Generative AI and Blockchain-Integrated Multi-Agent Framework for Resilient and Sustainable Fruit Cold-Chain Logistics

Abhirup Khanna  1 Sapna Jain  2 Anushree Sah  1 Sarishma Dangi  3 Abhishek Sharma  3 Sew Sun Tiang  4 Chin Hong Wong  5   6 Wei Hong Lim  4
Affiliations

Generative AI and Blockchain-Integrated Multi-Agent Framework for Resilient and Sustainable Fruit Cold-Chain Logistics

Abhirup Khanna et al. Foods. .

Abstract

The cold-chain supply of perishable fruits continues to face challenges such as fuel wastage, fragmented stakeholder coordination, and limited real-time adaptability. Traditional solutions, based on static routing and centralized control, fall short in addressing the dynamic, distributed, and secure demands of modern food supply chains. This study presents a novel end-to-end architecture that integrates multi-agent reinforcement learning (MARL), blockchain technology, and generative artificial intelligence. The system features large language model (LLM)-mediated negotiation for inter-enterprise coordination, Pareto-based reward optimization balancing spoilage, energy consumption, delivery time, and climate and emission impact. Smart contracts and Non-Fungible Token (NFT)-based traceability are deployed over a private Ethereum blockchain to ensure compliance, trust, and decentralized governance. Modular agents-trained using centralized training with decentralized execution (CTDE)-handle routing, temperature regulation, spoilage prediction, inventory, and delivery scheduling. Generative AI simulates demand variability and disruption scenarios to strengthen resilient infrastructure.
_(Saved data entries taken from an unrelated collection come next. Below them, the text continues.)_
lemma arc_constraints_level_one_masses:
  assumes arcs: "arc_constraints V r x" and "finite V" and "r \<in> V"
  obtains b where "b \<in> V - {r} \<rightarrow> {0..1}"
    and "\<forall>v\<in>V - {r}. x r v \<le> b v \<and> b v + deep_mass x (V - {r}) H b v = 1"
proof -
  define W where "W = V - {r}"
  have "finite W" using \<open>finite V\<close> by (simp add: W_def)
  have x_01: "\<forall>u\<in>W. \<forall>v\<in>W - {u}. 0 \<le> x u v \<and> x u v \<le> 1"
    using arc_constraints_nonneg[OF arcs] arc_constraints_le_1[OF arcs] by (auto simp: W_def)
  have indegree: "\<forall>v\<in>W. x r v + (\<Sum>u\<in>W - {v}. x u v) \<le> 1"
    using arc_constraints_root_indegree[OF arcs \<open>finite V\<close> \<open>r \<in> V\<close>] by (simp add: W_def)
  obtain b where b: "b \<in> W \<rightarrow> {0..1}" and fixpoint: "\<forall>v\<in>W. level_one_update x r W H b v = b v"
  proof (rule fixpoint_lipschitz_cube_finite[OF \<open>finite W\<close>, where L = "real (H - 1)"])
    show "level_one_update x r W H b v \<in> {0..1}" if "v \<in> W" for b v
      using arc_constraints_nonneg[OF arcs \<open>r \<in> V\<close>, of v] arc_constraints_le_1[OF arcs \<open>r \<in> V\<close>, of v]
        deep_mass_nonneg[OF \<open>finite W\<close>, of x H b v] that
      by (auto simp: level_one_update_def W_def)
  qed (use level_one_update_lipschitz[OF \<open>finite W\<close>] in auto)
  then have "\<forall>v\<in>W. 0 \<le> b v" by auto
  with b show ?thesis
    using that fixpoint_level_masses[OF \<open>finite W\<close> x_01 indegree _ fixpoint] by (simp add: W_def)
qed

lemma in_PD:
  assumes "in_P V r H x l g"
  shows in_P_arc_constraints: "arc_constraints V r x"
    and in_P_root_g0: "g 0 r = 0"
    and in_P_l1: "v \<in> V - {r} \<Longrightarrow> l v 1 = 0"
    and in_P_gH: "v \<in> V - {r} \<Longrightarrow> g H v = 0"
    and in_P_l_mono: "v \<in> V \<Longrightarrow> i < H \<Longrightarrow> l v i \<le> l v (Suc i)"
    and in_P_g_l: "v \<in> V \<Longrightarrow> i < H \<Longrightarrow> g i v = 1 - l v (Suc i)"
    and in_P_cover: "u \<in> V \<Longrightarrow> v \<in> V - {u} \<Longrightarrow> i \<le> H \<Longrightarrow> x u v \<le> l u i + g i v"
    and in_P_l_le_1: "v \<in> V \<Longrightarrow> i \<le> H \<Longrightarrow> l v i \<le> 1"
  using assms unfolding in_P_def by (auto simp: algebra_simps)

lemma in_P_no_arc_into_root:
  assumes P: "in_P V r H x l g" and "0 < H" and "r \<in> V" and "u \<in> V - {r}"
  shows "x u r = 0"
proof -
  have "x u r \<le> l u 0 + g 0 r"
    using in_P_cover[OF P, of u r 0] assms(3,4) by auto
  moreover have "0 \<le> x u r"
    using arc_constraints_nonneg[OF in_P_arc_constraints[OF P], of u r] assms(3,4) by auto
  moreover have "l u 0 \<le> l u 1"
    using in_P_l_mono[OF P, of u 0] assms(2,4) by simp
  ultimately show ?thesis
    using in_P_l1[OF P \<open>u \<in> V - {r}\<close>] in_P_root_g0[OF P] by linarith
qed

lemma in_P_forced_mass_le:
  assumes P: "in_P V r H x l g"
    and b_le_1: "\<forall>v\<in>V - {r}. b v \<le> 1" and "finite V" and "k < H"
  shows "\<forall>v\<in>V - {r}. forced_mass x (V - {r}) b k v \<le> 1 - l v (Suc k)"
  using \<open>k < H\<close>
proof (induction k)
  case 0
  then show ?case using in_P_l1[OF P] b_le_1 by simp
next
  case (Suc k)
  show ?case
  proof
    fix v assume "v \<in> V - {r}"
    show "forced_mass x (V - {r}) b (Suc k) v \<le> 1 - l v (Suc (Suc k))"
      unfolding forced_mass_Suc_le_iff[OF finite_Diff[OF \<open>finite V\<close>]]
    proof (intro conjI ballI)
      show "0 \<le> 1 - l v (Suc (Suc k))"
        using in_P_l_le_1[OF P, of v "Suc (Suc k)"] Suc.prems \<open>v \<in> V - {r}\<close> by simp
      fix u assume "u \<in> V - {r} - {v}"
      have "forced_mass x (V - {r}) b k u \<le> 1 - l u (Suc k)"
        using Suc \<open>u \<in> V - {r} - {v}\<close> by simp
      moreover have "x u v \<le> l u (Suc k) + g (Suc k) v"
        using in_P_cover[OF P, of u v "Suc k"] Suc.prems \<open>u \<in> V - {r} - {v}\<close> \<open>v \<in> V - {r}\<close> by auto
      moreover have "g (Suc k) v = 1 - l v (Suc (Suc k))"
        using in_P_g_l[OF P, of v "Suc k"] Suc.prems \<open>v \<in> V - {r}\<close> by simp
      ultimately show "forced_mass x (V - {r}) b k u - (1 - x u v) \<le> 1 - l v (Suc (Suc k))"
        by simp
    qed
  qed
qed

lemma in_P_last_level_le:
  assumes P: "in_P V r H x l g"
    and "\<forall>v\<in>V - {r}. b v \<le> 1" and "finite V" and "0 < H"
    and "u \<in> V - {r}" and "v \<in> V - {r, u}"
  shows "forced_mass x (V - {r}) b (H - 1) u + x u v \<le> 1"
proof -
  have "forced_mass x (V - {r}) b (H - 1) u \<le> 1 - l u H"
    using in_P_forced_mass_le[OF assms(1-3), of "H - 1"] \<open>0 < H\<close> \<open>u \<in> V - {r}\<close> by simp
  moreover have "x u v \<le> l u H + g H v"
    using in_P_cover[OF P, of u v H] \<open>u \<in> V - {r}\<close> \<open>v \<in> V - {r, u}\<close> by simp
  moreover have "g H v = 0" using in_P_gH[OF P] \<open>v \<in> V - {r, u}\<close> by simp
  ultimately show ?thesis by linarith
qed

definition hop_assignment :: "'a \<Rightarrow> ('a \<Rightarrow> 'a \<Rightarrow> real) \<Rightarrow> 'a set \<Rightarrow> ('a \<Rightarrow> real) \<Rightarrow> 'a \<Rightarrow> nat \<Rightarrow> real"
  where "hop_assignment r x W b v i =
    (if v = r then (if i = 0 then 1 else 0) else if i = 0 then 0 else forced_mass x W b (i - 1) v)"

lemma hop_assignment_Suc: "v \<noteq> r \<Longrightarrow> hop_assignment r x W b v (Suc k) = forced_mass x W b k v"
  by (simp add: hop_assignment_def)

lemma hop_assignment_nonneg:
  "finite W \<Longrightarrow> \<forall>u\<in>W. 0 \<le> b u \<Longrightarrow> v \<in> insert r W \<Longrightarrow> 0 \<le> hop_assignment r x W b v i"
  by (auto simp: hop_assignment_def forced_mass_nonneg)

lemma hop_assignment_sum:
  assumes "v \<noteq> r" and "0 < H"
  shows "(\<Sum>i=1..H. hop_assignment r x W b v i) = b v + deep_mass x W H b v"
proof -
  have "(\<Sum>i=1..H. hop_assignment r x W b v i) = (\<Sum>k<Suc (H - 1). forced_mass x W b k v)"
    using assms by (simp add: sum.atLeast1_atMost_eq hop_assignment_Suc)
  also have "\<dots> = b v + deep_mass x W H b v"
    unfolding deep_mass_def sum.lessThan_Suc_shift by simp
  finally show ?thesis .
qed

lemma hop_assignment_propagation:
  assumes "finite W" and "u \<in> W - {v}" and "u \<noteq> r" and "v \<noteq> r" and "0 < i"
  shows "hop_assignment r x W b u i - hop_assignment r x W b v (i + 1) + x u v \<le> 1"
proof -
  have "Suc (i - 1) = i" using \<open>0 < i\<close> by simp
  then have "hop_assignment r x W b u i = forced_mass x W b (i - 1) u"
    using hop_assignment_Suc[OF \<open>u \<noteq> r\<close>, of x W b "i - 1"] by simp
  then show ?thesis
    using forced_mass_Suc_ge[OF assms(1,2), of x b "i - 1"] \<open>Suc (i - 1) = i\<close>
    by (simp add: hop_assignment_Suc[OF \<open>v \<noteq> r\<close>])
qed

locale hop_assignment_data =
  fixes V :: "'a set" and r :: 'a and H :: nat and x :: "'a \<Rightarrow> 'a \<Rightarrow> real" and b :: "'a \<Rightarrow> real"
  assumes arcs: "arc_constraints V r x" and finite: "finite V" and root: "r \<in> V" and H_pos: "0 < H"
    and no_arc_into_root: "\<forall>u\<in>V - {r}. x u r = 0"
    and b_nonneg: "\<forall>v\<in>V - {r}. 0 \<le> b v"
    and level_masses: "\<forall>v\<in>V - {r}. x r v \<le> b v \<and> b v + deep_mass x (V - {r}) H b v = 1"
    and last_level: "\<forall>u\<in>V - {r}. \<forall>v\<in>V - {r, u}. forced_mass x (V - {r}) b (H - 1) u + x u v \<le> 1"
begin

abbreviation y :: "'a \<Rightarrow> nat \<Rightarrow> real" where "y \<equiv> hop_assignment r x (V - {r}) b"

lemma y_nonneg: "v \<in> V \<Longrightarrow> 0 \<le> y v i"
  using hop_assignment_nonneg[OF finite_Diff[OF finite] b_nonneg] by simp

lemma y_sum: "v \<in> V - {r} \<Longrightarrow> (\<Sum>i=1..H. y v i) = 1"
  using hop_assignment_sum[of v r H] H_pos level_masses by simp

lemma y_le_1:
  assumes "v \<in> V" and "i \<le> H"
  shows "y v i \<le> 1"
proof (cases "v \<noteq> r \<and> i \<noteq> 0")
  case True
  then have "y v i \<le> (\<Sum>i=1..H. y v i)"
    using assms y_nonneg finite by (intro member_le_sum) auto
  then show ?thesis using y_sum True assms by simp
qed (auto simp: hop_assignment_def)

lemma y_step:
  assumes uv: "u \<in> V" "v \<in> V - {u}" and "i < H"
  shows "y u i - y v (i + 1) + x u v \<le> 1"
proof -
  have "x u v \<le> 1" using arc_constraints_le_1[OF arcs uv] .
  moreover have "0 \<le> y v (i + 1)" and "y u i \<le> 1" using uv y_nonneg y_le_1 \<open>i < H\<close> by auto
  ultimately consider "u = r" "i = 0" | "u = r" "i \<noteq> 0" | "u \<noteq> r" "v = r" | "u \<noteq> r" "i = 0"
    | "u \<noteq> r" "v \<noteq> r" "i \<noteq> 0"
    by blast
  then show ?thesis
  proof cases
    case 1
    then show ?thesis using level_masses uv(2) by (simp add: hop_assignment_def)
  next
    case 3
    then show ?thesis using no_arc_into_root uv(1) \<open>y u i \<le> 1\<close> by (simp add: hop_assignment_def)
  next
    case 5
    moreover have "u \<in> V - {r} - {v}" using uv 5 by auto
    ultimately show ?thesis using hop_assignment_propagation[OF finite_Diff[OF finite]] by simp
  qed (use \<open>x u v \<le> 1\<close> \<open>0 \<le> y v (i + 1)\<close> in \<open>simp_all add: hop_assignment_def\<close>)
qed

lemma y_last_level:
  assumes uv: "u \<in> V" "v \<in> V - {u}"
  shows "y u H + x u v \<le> 1"
proof -
  consider "u = r" | "u \<noteq> r" "v = r" | "u \<in> V - {r}" "v \<in> V - {r, u}"
    using uv by blast
  then show ?thesis
  proof cases
    case 1
    then show ?thesis using H_pos arc_constraints_le_1[OF arcs uv] by (simp add: hop_assignment_def)
  next
    case 2
    then show ?thesis using no_arc_into_root y_le_1[of u H] uv(1) by simp
  next
    case 3
    then show ?thesis using last_level hop_assignment_Suc[of u r x "V - {r}" b "H - 1"] H_pos by simp
  qed
qed

lemma in_A_hop_assignment: "in_A V r H x y"
proof -
  have "y r 0 = 1" and "\<forall>i\<in>{1..H}. y r i = 0" and "\<forall>v\<in>V - {r}. y v 0 = 0"
    by (auto simp: hop_assignment_def)
  then show ?thesis
    unfolding in_A_def using arcs y_sum y_step y_last_level y_nonneg y_le_1 by simp
qed

end

theorem theorem2:
  fixes V :: "'a set" and r :: 'a and H :: nat
  assumes "H \<ge> 1" and "finite V" and "r \<in> V"
  shows "proj_P V r H \<subseteq> proj_A V r H"
proof
  fix x assume "x \<in> proj_P V r H"
  then obtain l g where P: "in_P V r H x l g" by (auto simp: proj_P_def)
  have arcs: "arc_constraints V r x" using in_P_arc_constraints[OF P] .
  obtain b where "b \<in> V - {r} \<rightarrow> {0..1}"
    and masses: "\<forall>v\<in>V - {r}. x r v \<le> b v \<and> b v + deep_mass x (V - {r}) H b v = 1"
    using arc_constraints_level_one_masses[OF arcs \<open>finite V\<close> \<open>r \<in> V\<close>] by blast
  then have b_01: "\<forall>v\<in>V - {r}. 0 \<le> b v \<and> b v \<le> 1" by auto
  have "hop_assignment_data V r H x b"
  proof
    show "0 < H" using \<open>H \<ge> 1\<close> by simp
    show "\<forall>u\<in>V - {r}. x u r = 0"
      using in_P_no_arc_into_root[OF P _ \<open>r \<in> V\<close>] \<open>H \<ge> 1\<close> by simp
    show "\<forall>u\<in>V - {r}. \<forall>v\<in>V - {r, u}. forced_mass x (V - {r}) b (H - 1) u + x u v \<le> 1"
      using in_P_last_level_le[OF P] b_01 \<open>finite V\<close> \<open>H \<ge> 1\<close> by simp
  qed (use arcs \<open>finite V\<close> \<open>r \<in> V\<close> b_01 masses in simp_all)
  then have "in_A V r H x (hop_assignment r x (V - {r}) b)"
    by (rule hop_assignment_data.in_A_hop_assignment)
  then show "x \<in> proj_A V r H" by (auto simp: proj_A_def)
qed

end
(* Let $(\Gamma,g)$ be a vertex-weighted metric graph of genus $g(\Gamma)$, and let $F$ be a tropical meromorphic function on $\Gamma$ with $\operatorname{div}(F)+K_\Gamma\geq0$. Then for every $x\in\Gamma$ and every tangent direction $v$ at $x$, $|d_vF(x)|\leq2g(\Gamma)-1$. If $K_\Gamma$ is effective (i.e. $\Gamma$ has no genus-zero leaves), then $|d_vF(x)|\leq2g(\Gamma)-2$.
   Context: A vertex-weighted metric graph is a compact connected metric graph with finite vertex set and weights $g(x)\in\mathbb{Z}_{\geq0}$ on vertices; non-vertices have weight $0$ and valency $\deg(x)=2$. Genus: $g(\Gamma)=h_1(\Gamma)+\sum_xg(x)$. Canonical divisor: $K_\Gamma=\sum_x(2g(x)-2+\deg(x))(x)$. A genus-zero leaf is a vertex of weight $0$ and valency $1$. A tropical meromorphic function is a continuous piecewise affine function $\Gamma\to\mathbb{R}$ with integer slopes; $d_vF(x)$ is the slope of $F$ at $x$ in direction $v$, and $\operatorname{div}(F)=\sum_x\operatorname{ord}_x(F)(x)$ with $\operatorname{ord}_x(F)=-\sum_vd_vF(x)$, the sum over tangent directions at $x$. *)

theory Defs
  imports "HOL-Analysis.Analysis"
begin

(* A vertex-weighted metric graph, given by a finite model: finite vertex set,
   finite edge set (loops and multi-edges allowed), each edge e is a segment
   [0, len e] glued at 0 to src e and at len e to tgt e; wt is the vertex weight. *)
record ('v, 'e) wmgraph =
  verts :: "'v set"
  edges :: "'e set"
  src   :: "'e \<Rightarrow> 'v"
  tgt   :: "'e \<Rightarrow> 'v"
  len   :: "'e \<Rightarrow> real"
  wt    :: "'v \<Rightarrow> nat"

definition adj :: "('v, 'e) wmgraph \<Rightarrow> 'v \<Rightarrow> 'v \<Rightarrow> bool" where
  "adj G a b \<longleftrightarrow> (\<exists>e\<in>edges G. (src G e = a \<and> tgt G e = b) \<or> (src G e = b \<and> tgt G e = a))"

definition metric_graph :: "('v, 'e) wmgraph \<Rightarrow> bool" where
  "metric_graph G \<longleftrightarrow>
     finite (verts G) \<and> verts G \<noteq> {} \<and> finite (edges G) \<and>
     (\<forall>e\<in>edges G. src G e \<in> verts G \<and> tgt G e \<in> verts G \<and> len G e > 0) \<and>
     (\<forall>a\<in>verts G. \<forall>b\<in>verts G. (adj G)\<^sup>*\<^sup>* a b)"

datatype ('v, 'e) point = Vert 'v | EPt 'e real

definition points :: "('v, 'e) wmgraph \<Rightarrow> ('v, 'e) point set" where
  "points G = Vert ` verts G \<union> {EPt e t | e t. e \<in> edges G \<and> 0 < t \<and> t < len G e}"

definition on_edge :: "('v, 'e) wmgraph \<Rightarrow> (('v, 'e) point \<Rightarrow> real) \<Rightarrow> 'e \<Rightarrow> real \<Rightarrow> real" where
  "on_edge G F e t = (if t = 0 then F (Vert (src G e))
                      else if t = len G e then F (Vert (tgt G e)) else F (EPt e t))"

definition pw_affine_int :: "real \<Rightarrow> (real \<Rightarrow> real) \<Rightarrow> bool" where
  "pw_affine_int L f \<longleftrightarrow>
     (\<exists>(n::nat) (a::nat \<Rightarrow> real). a 0 = 0 \<and> a n = L \<and> (\<forall>i<n. a i < a (Suc i)) \<and>
        (\<forall>i<n. \<exists>(m::int) (c::real). \<forall>t\<in>{a i..a (Suc i)}. f t = of_int m * t + c))"

definition trop_mero :: "('v, 'e) wmgraph \<Rightarrow> (('v, 'e) point \<Rightarrow> real) \<Rightarrow> bool" where
  "trop_mero G F \<longleftrightarrow> (\<forall>e\<in>edges G. pw_affine_int (len G e) (on_edge G F e))"

definition rslope :: "(real \<Rightarrow> real) \<Rightarrow> real \<Rightarrow> real" where
  "rslope f t = (THE m. \<exists>\<epsilon>>0. \<forall>s\<in>{t..t+\<epsilon>}. f s = f t + m * (s - t))"

definition lslope :: "(real \<Rightarrow> real) \<Rightarrow> real \<Rightarrow> real" where
  "lslope f t = (THE m. \<exists>\<epsilon>>0. \<forall>s\<in>{t-\<epsilon>..t}. f s = f t + m * (s - t))"

(* tangent directions: (e, True) = along e in increasing parameter,
   (e, False) = along e in decreasing parameter *)
definition tdirs :: "('v, 'e) wmgraph \<Rightarrow> ('v, 'e) point \<Rightarrow> ('e \<times> bool) set" where
  "tdirs G x = (case x of
      Vert v \<Rightarrow> {(e, True) | e. e \<in> edges G \<and> src G e = v}
               \<union> {(e, False) | e. e \<in> edges G \<and> tgt G e = v}
    | EPt e t \<Rightarrow> {(e, True), (e, False)})"

definition param :: "('v, 'e) wmgraph \<Rightarrow> ('v, 'e) point \<Rightarrow> 'e \<times> bool \<Rightarrow> real" where
  "param G x d = (case x of Vert v \<Rightarrow> (if snd d then 0 else len G (fst d)) | EPt e t \<Rightarrow> t)"

definition dslope :: "('v, 'e) wmgraph \<Rightarrow> (('v, 'e) point \<Rightarrow> real) \<Rightarrow> ('v, 'e) point \<Rightarrow> 'e \<times> bool \<Rightarrow> real" where
  "dslope G F x d = (if snd d then rslope (on_edge G F (fst d)) (param G x d)
                     else - lslope (on_edge G F (fst d)) (param G x d))"

(* valency (loops counted twice) *)
definition valency :: "('v, 'e) wmgraph \<Rightarrow> ('v, 'e) point \<Rightarrow> nat" where
  "valency G x = card (tdirs G x)"

definition ord :: "('v, 'e) wmgraph \<Rightarrow> (('v, 'e) point \<Rightarrow> real) \<Rightarrow> ('v, 'e) point \<Rightarrow> real" where
  "ord G F x = - (\<Sum>d\<in>tdirs G x. dslope G F x d)"

definition weight :: "('v, 'e) wmgraph \<Rightarrow> ('v, 'e) point \<Rightarrow> nat" where
  "weight G x = (case x of Vert v \<Rightarrow> wt G v | EPt e t \<Rightarrow> 0)"

definition canon :: "('v, 'e) wmgraph \<Rightarrow> ('v, 'e) point \<Rightarrow> int" where
  "canon G x = 2 * int (weight G x) - 2 + int (valency G x)"

(* genus g(Gamma) = h_1(Gamma) + sum of weights; h_1 = |E| - |V| + 1 (connected) *)
definition genus :: "('v, 'e) wmgraph \<Rightarrow> int" where
  "genus G = int (card (edges G)) - int (card (verts G)) + 1 + int (\<Sum>v\<in>verts G. wt G v)"

end

theory Submission
  imports Defs
begin

text \<open>Refine the model of \<open>\<Gamma>\<close> at the break points of \<open>F\<close>: the genus does not change, \<open>F\<close> becomes
  affine with an integer slope \<open>\<sigma>\<^sub>e\<close> along every edge, every \<open>d\<^sub>vF(x)\<close> is some \<open>\<plusminus>\<sigma>\<^sub>e\<close>, and
  \<open>div F + K\<close> becomes a divisor on the vertices. Fix an edge \<open>e\<close> with \<open>\<sigma>\<^sub>e \<noteq> 0\<close> and let \<open>B\<close> be the
  set of vertices where \<open>F\<close> is at most its value at the lower end of \<open>e\<close>. Summing the coefficients
  of \<open>div F + K\<close> over \<open>B\<close>, every other edge leaving \<open>B\<close> climbs and contributes \<open>1 - |\<sigma>| \<le> 0\<close>
  while \<open>e\<close> contributes \<open>1 - |\<sigma>\<^sub>e|\<close>, so \<open>|\<sigma>\<^sub>e| \<le> 2 (|E(B)| - |B| + w(B)) + 1\<close>.
  Connectivity gives an injection from the vertices outside \<open>B\<close> into the edges leaving \<open>B\<close>,
  whence \<open>|E(B)| - |B| + w(B) \<le> g - 1\<close>. If \<open>K\<close> is effective, summing it over the complement
  of \<open>B\<close>, where \<open>e\<close> is counted only once, improves this by one.\<close>

definition darts :: "('v, 'e) wmgraph \<Rightarrow> 'v \<Rightarrow> ('e \<times> bool) set" where
  "darts G v = {(e, True) | e. e \<in> edges G \<and> src G e = v} \<union> {(e, False) | e. e \<in> edges G \<and> tgt G e = v}"

definition dart_slope :: "('e \<Rightarrow> int) \<Rightarrow> 'e \<times> bool \<Rightarrow> int" where
  "dart_slope \<sigma> d = (if snd d then \<sigma> (fst d) else - \<sigma> (fst d))"

lemma dart_slope_simps [simp]:
  "dart_slope \<sigma> (e, True) = \<sigma> e" "dart_slope \<sigma> (e, False) = - \<sigma> e"
  by (simp_all add: dart_slope_def)

text \<open>For a function with slope \<open>\<sigma> e\<close> along each edge \<open>e\<close>, oriented from \<open>src G e\<close> to \<open>tgt G e\<close>,
  \<open>div_plus_canon G \<sigma> v\<close> is the coefficient of \<open>div F + K\<close> at \<open>v\<close>; for \<open>\<sigma> = 0\<close> it is that of \<open>K\<close>.\<close>

definition div_plus_canon :: "('v, 'e) wmgraph \<Rightarrow> ('e \<Rightarrow> int) \<Rightarrow> 'v \<Rightarrow> int" where
  "div_plus_canon G \<sigma> v = (\<Sum>d\<in>darts G v. 1 - dart_slope \<sigma> d) + 2 * int (wt G v) - 2"

definition inner_edges :: "('v, 'e) wmgraph \<Rightarrow> 'v set \<Rightarrow> 'e set" where
  "inner_edges G B = {e \<in> edges G. src G e \<in> B \<and> tgt G e \<in> B}"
Experiments demonstrate up to 50% reduction in spoilage, 35% energy savings, and 25% lower emissions. The system also cuts travel time by 30% and improves delivery reliability and fruit quality. This work offers a scalable, intelligent, and sustainable supply chain framework, especially suitable for resource-constrained or intermittently connected environments, laying the foundation for future-ready food logistics systems.

Keywords: blockchain; cold-chain logistics; generative AI; multi-agent reinforcement learning; sustainable food systems.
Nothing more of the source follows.